With Watson’s effective use of internal monologue, it becomes more memoir-like at times. I cannot help but think that the premise of this novel is metastatic where even feelings about feelings are involved. What matters most is that we are fully invested in Aina and Whitney and anything or anyone else that crosses their path. Aina’s observation of how the house feels at one point is expertly written; “time passes differently now, with more people in the room. The ceilings feel lower. The windows smaller.” And on her re-discovery of a hand-illustrated map, “the scale is all wrong, the distances too great.”
We choose with which character our sympathies lie. Watson’s early drip-feeding of clues leaves us initially doubting or wondering about their purpose, and whether we’ve missed anything. By the end of the book, I feel I would like to interview Aina.
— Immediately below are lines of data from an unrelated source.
(* Let $G$ be a topological group acting continuously on a topological space $X$, let $\Delta$ be the partition of $X$ into $G$-orbits, $Y=X/G$ with the quotient topology, and $p:X\to Y$ the projection. Suppose that (a) $X$ is a Hausdorff Baire space; (b) $G=\bigcup_{i=1}^\infty G_i$ is a union of countably many compact sets $G_i$; (c) the action has at least two distinct orbits; (d) each orbit is dense in $X$. Then $p$ has property (CONT) but does not have property (COMP).
   Context: A Baire space is a topological space that is not a countable union of nowhere dense subsets of itself. A $\Delta$-map is a continuous $h:X\to X$ mapping each element of $\Delta$ into some element of $\Delta$; $\mathrm{End}(X,\Delta)$ is the monoid of $\Delta$-maps, $\mathrm{End}(Y)=C(Y,Y)$, and $\psi(h)$ is the unique map with $p\circ h=\psi(h)\circ p$. Property (COMP): for every compact $L\subset Y$ there is a compact $K\subset X$ with $p(K)=L$. Property (CONT): $\psi:\mathrm{End}(X,\Delta)\to\mathrm{End}(Y)$ is continuous with respect to compact open topologies. *)

theory Defs
  imports "HOL-Analysis.Analysis"
begin
lemma min_vertex_sum_le_min_vert_W:
  assumes "nice_graph V E"
  shows "min_vertex_sum V E \<le> min_vert_W V E + max_degree V E"
proof -
  have finV: "finite V" and finE: "finite E"
    using assms simple_graph_finite_edges unfolding nice_graph_def simple_graph_def by blast+
  obtain ws0 where "irregularising V E ws0" using nice_graph_irregularising_walk[OF assms] .
  then obtain ws where ws: "irregularising V E ws" "walk_max_vertex V ws = min_vert_W V E"
    using Least_value_attained[of "irregularising V E" ws0 "walk_max_vertex V"]
    unfolding min_vert_W_def by blast
  then have edges: "set (walk_edges ws) \<subseteq> E" by (simp add: irregularising_def is_walk_iff)
  have "min_vertex_sum V E \<le> vertex_sum V E (walk_labelling ws)"
    unfolding min_vertex_sum_def using proper_walk_labelling[OF ws(1) finE]
    by (intro Least_le) blast
  also have "\<dots> \<le> min_vert_W V E + max_degree V E"
    using vertex_sum_walk_labelling_le[OF edges finV finE] ws(2) by simp
  finally show ?thesis .
qed

lemma min_vert_W_le_min_vertex_sum:
  assumes "nice_graph V E"
  shows "min_vert_W V E \<le> 2 * max_degree V E * min_vertex_sum V E"
proof -
  have G: "simple_graph V E" "connected_graph V E" using assms unfolding nice_graph_def by auto
  have finV: "finite V" and finE: "finite E"
    using G(1) simple_graph_finite_edges[OF G(1)] unfolding simple_graph_def by blast+
  obtain l0 where "proper_labelling E l0" using nice_graph_proper_labelling[OF assms] .
  then obtain l where l: "proper_labelling E l" "vertex_sum V E l = min_vertex_sum V E"
    using Least_value_attained[of "proper_labelling E" l0 "vertex_sum V E"]
    unfolding min_vertex_sum_def by blast
  obtain ws where ws: "irregularising V E ws"
    "\<forall>e\<in>E. walk_edge_count ws e = 2 * max_degree V E * l e"
    using irregularising_walk_of_proper_labelling[OF G l(1)] .
  then have edges: "set (walk_edges ws) \<subseteq> E" by (simp add: irregularising_def is_walk_iff)
  have "walk_vertex_count ws u \<le> 2 * max_degree V E * min_vertex_sum V E" if "u \<in> V" for u
  proof -
    have "sigma E l u \<le> vertex_sum V E l"
      unfolding vertex_sum_def using finV that by (intro Max_ge) auto
    then show ?thesis
      using walk_vertex_count_eq_mult_sigma[OF edges finE ws(2)] l(2) by simp
  qed
  then have "walk_max_vertex V ws \<le> 2 * max_degree V E * min_vertex_sum V E"
    unfolding walk_max_vertex_def using finV by simp
  moreover have "min_vert_W V E \<le> walk_max_vertex V ws"
    unfolding min_vert_W_def using ws(1) by (intro Least_le) blast
  ultimately show ?thesis by linarith
qed

theorem theorem4p3:
  fixes V :: "'a set" and E :: "'a set set"
  assumes "nice_graph V E"
  defines "m \<equiv> card E" and "\<Delta> \<equiv> max_degree V E"
  shows "(min_label_sum E \<le> min_len_W V E + m \<and>
          min_len_W V E + m \<le> 3 * (m + \<Delta> * min_label_sum E))
       \<and> (chi_s E \<le> min_edge_W V E + 1 \<and> min_edge_W V E + 1 \<le> 3 * (1 + \<Delta> * chi_s E))
       \<and> (min_vertex_sum V E \<le> min_vert_W V E + \<Delta> \<and>
          min_vert_W V E + \<Delta> \<le> 3 * \<Delta> * (1 + min_vertex_sum V E))"
  using min_label_sum_le_min_len_W[OF assms(1)] min_len_W_le_min_label_sum[OF assms(1)]
    chi_s_le_min_edge_W[OF assms(1)] min_edge_W_le_chi_s[OF assms(1)]
    min_vertex_sum_le_min_vert_W[OF assms(1)] min_vert_W_le_min_vertex_sum[OF assms(1)]
  unfolding m_def \<Delta>_def by (simp add: algebra_simps)

end
lemma nth_highest_nonneg:
  assumes "\<forall>i\<in>{1..n}. 0 \<le> b i"
  shows "0 \<le> nth_highest n b m"
proof (cases "m \<in> {1..n}")
  case True
  define ys where "ys = rev (sort (map b [1..<Suc n]))"
  have "nth_highest n b m = ys ! (m - 1)" "m - 1 < length ys"
    using True by (auto simp: nth_highest_def ys_def)
  then have "nth_highest n b m \<in> set ys" by simp
  then show ?thesis using assms by (auto simp: ys_def atLeastLessThanSuc_atLeastAtMost)
qed (auto simp: nth_highest_def)

lemma nth_highest_Suc_le:
  assumes "\<forall>i\<in>{1..n}. 0 \<le> b i" and "1 \<le> m"
  shows "nth_highest n b (Suc m) \<le> nth_highest n b m"
proof (cases "Suc m \<le> n")
  case True
  define ys where "ys = rev (sort (map b [1..<Suc n]))"
  have "sorted (rev ys)" "length ys = n" by (simp_all add: ys_def)
  then have "ys ! m \<le> ys ! (m - 1)" using True by (simp add: sorted_rev_iff_nth_mono)
  then show ?thesis using True \<open>1 \<le> m\<close> by (simp add: nth_highest_def ys_def)
next
  case False
  then show ?thesis using nth_highest_nonneg[OF assms(1)] by (simp add: nth_highest_def)
qed

lemma nth_highest_ranking:
  assumes rk: "gsp_ranking n b \<pi>" and m: "m \<in> {1..n}"
  shows "nth_highest n b m = b (inv \<pi> m)"
proof -
  have p: "\<pi> permutes {1..n}" using rk by (rule gsp_ranking_permutes)
  have pi: "inv \<pi> permutes {1..n}" using p by (rule permutes_inv)
  define ys where "ys = map (\<lambda>r. b (inv \<pi> r)) [1..<Suc n]"
  have "mset (map (inv \<pi>) [1..<Suc n]) = image_mset (inv \<pi>) (mset_set {1..<Suc n})"
    by (simp only: mset_map mset_upt)
  also have "\<dots> = mset_set (inv \<pi> ` {1..<Suc n})"
    by (rule image_mset_mset_set) (meson permutes_inj_on pi)
  also have "inv \<pi> ` {1..<Suc n} = {1..<Suc n}"
    using permutes_image[OF pi] by (simp add: atLeastLessThanSuc_atLeastAtMost)
  finally have "mset (map (inv \<pi>) [1..<Suc n]) = mset [1..<Suc n]" by (simp only: mset_upt)
  then have "image_mset b (mset (map (inv \<pi>) [1..<Suc n])) = image_mset b (mset [1..<Suc n])"
    by simp
  then have "mset (rev ys) = mset (map b [1..<Suc n])"
    unfolding ys_def by (simp add: image_mset.compositionality o_def del: upt_Suc)
  moreover have "sorted (rev ys)"
    unfolding sorted_rev_iff_nth_mono
  proof (intro allI impI)
    fix i j assume "i \<le> j" "j < length ys"
    then have "j < n" by (simp add: ys_def del: upt_Suc)
    then have "inv \<pi> (i + 1) \<in> {1..n}" "inv \<pi> (j + 1) \<in> {1..n}"
      using \<open>i \<le> j\<close> permutes_in_image[OF pi, of "i + 1"] permutes_in_image[OF pi, of "j + 1"]
      by simp_all
    moreover have "i = j \<or> \<pi> (inv \<pi> (i + 1)) < \<pi> (inv \<pi> (j + 1))"
      using \<open>i \<le> j\<close> by (auto simp: permutes_inverses(1)[OF p])
    ultimately have "b (inv \<pi> (j + 1)) \<le> b (inv \<pi> (i + 1))"
      using rk unfolding gsp_ranking_def by auto
    then show "ys ! j \<le> ys ! i"
        using \<open>i \<le> j\<close> \<open>j < n\<close> by (simp add: ys_def del: upt_Suc)
  qed
  ultimately have "sort (map b [1..<Suc n]) = rev ys" by (intro properties_for_sort) auto
  then have "nth_highest n b m = ys ! (m - 1)" using m by (simp add: nth_highest_def)
  moreover have "m - 1 < n" using m by auto
  then have "ys ! (m - 1) = b (inv \<pi> (m - 1 + 1))" by (simp add: ys_def del: upt_Suc)
  ultimately show ?thesis using m by simp
qed
section \<open>The cheating strategy\<close>

locale cheating_strategy =
  fixes n dE :: nat and chi :: "complex vec" and U :: "complex mat" and d0 d1 d' :: nat
    and R :: "bool \<Rightarrow> complex mat"
    and Proj :: "bool \<Rightarrow> bool list \<Rightarrow> bool \<Rightarrow> bool list \<Rightarrow> complex mat"
  assumes strategy: "strategy n dE chi U d0 d1 d' R Proj"
begin

abbreviation "N \<equiv> (4::nat) ^ n"
abbreviation "D \<equiv> d0 * d1 * d'"
abbreviation "BS \<equiv> bitstrings n"
abbreviation "RS \<equiv> BS \<times> BS"

lemma dim_chi: "dim_vec chi = dE"
  and cinner_chi: "cinner chi chi = 1"
  and D_eq: "D = N * dE"
  and unitary_U: "unitary (N * dE) U"
  and measurement_R: "projective_measurement d' UNIV R"
  using strategy unfolding strategy_def by auto

lemma carrier_U: "U \<in> carrier_mat (N * dE) (N * dE)"
  using unitary_U unfolding unitary_def by simp

lemma orth_proj_Proj0: "s \<in> BS \<Longrightarrow> e \<in> BS \<Longrightarrow> orth_proj d0 (Proj False s b e)"
  and orth_proj_Proj1: "s \<in> BS \<Longrightarrow> e \<in> BS \<Longrightarrow> orth_proj d1 (Proj True s b e)"
  and sum_to_id_Proj0: "s \<in> BS \<Longrightarrow> sum_to_id d0 BS (Proj False s b)"
  and sum_to_id_Proj1: "s \<in> BS \<Longrightarrow> sum_to_id d1 BS (Proj True s b)"
  using strategy unfolding strategy_def
  by (metis (full_types) projective_measurement_orth_proj projective_measurement_sum_to_id)+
I would throw a few questions at her from Proust’s questionnaire; probably “what is your greatest regret”, “what is your motto” and “who are your heroes in real life”. Readers, you will get your answers.
The myriad facets and angles within Metronome and all its implications and deeper searches cannot possibly be ventured into in full here. As it is, with omniscience at play, Watson uses the idea of funnelling his information from the broadest possible view, zooming down to the specific minutiae – and out again. Do we look at Whitney and Aina as the same people at the end as they were at the beginning – and in their shoes, would we be, after 12 years? Have they served their sentence?
This book found me. What my proof copy didn’t tell me is that Metronome is featured in the next BBC2 ‘Between The Covers’ series. I’ll be watching because I do anyway and because it is an extraordinary book. I urge you to as well.
It is screenplay worthy. And if I were to put music to it myself, I’d commission Olafur Arnalds.
Metronome might well be a brave new world created by Tom Watson, as insightful and as premonitory as Orwell’s 1984.
Tom’s too, will stay with you long after you’ve put it down.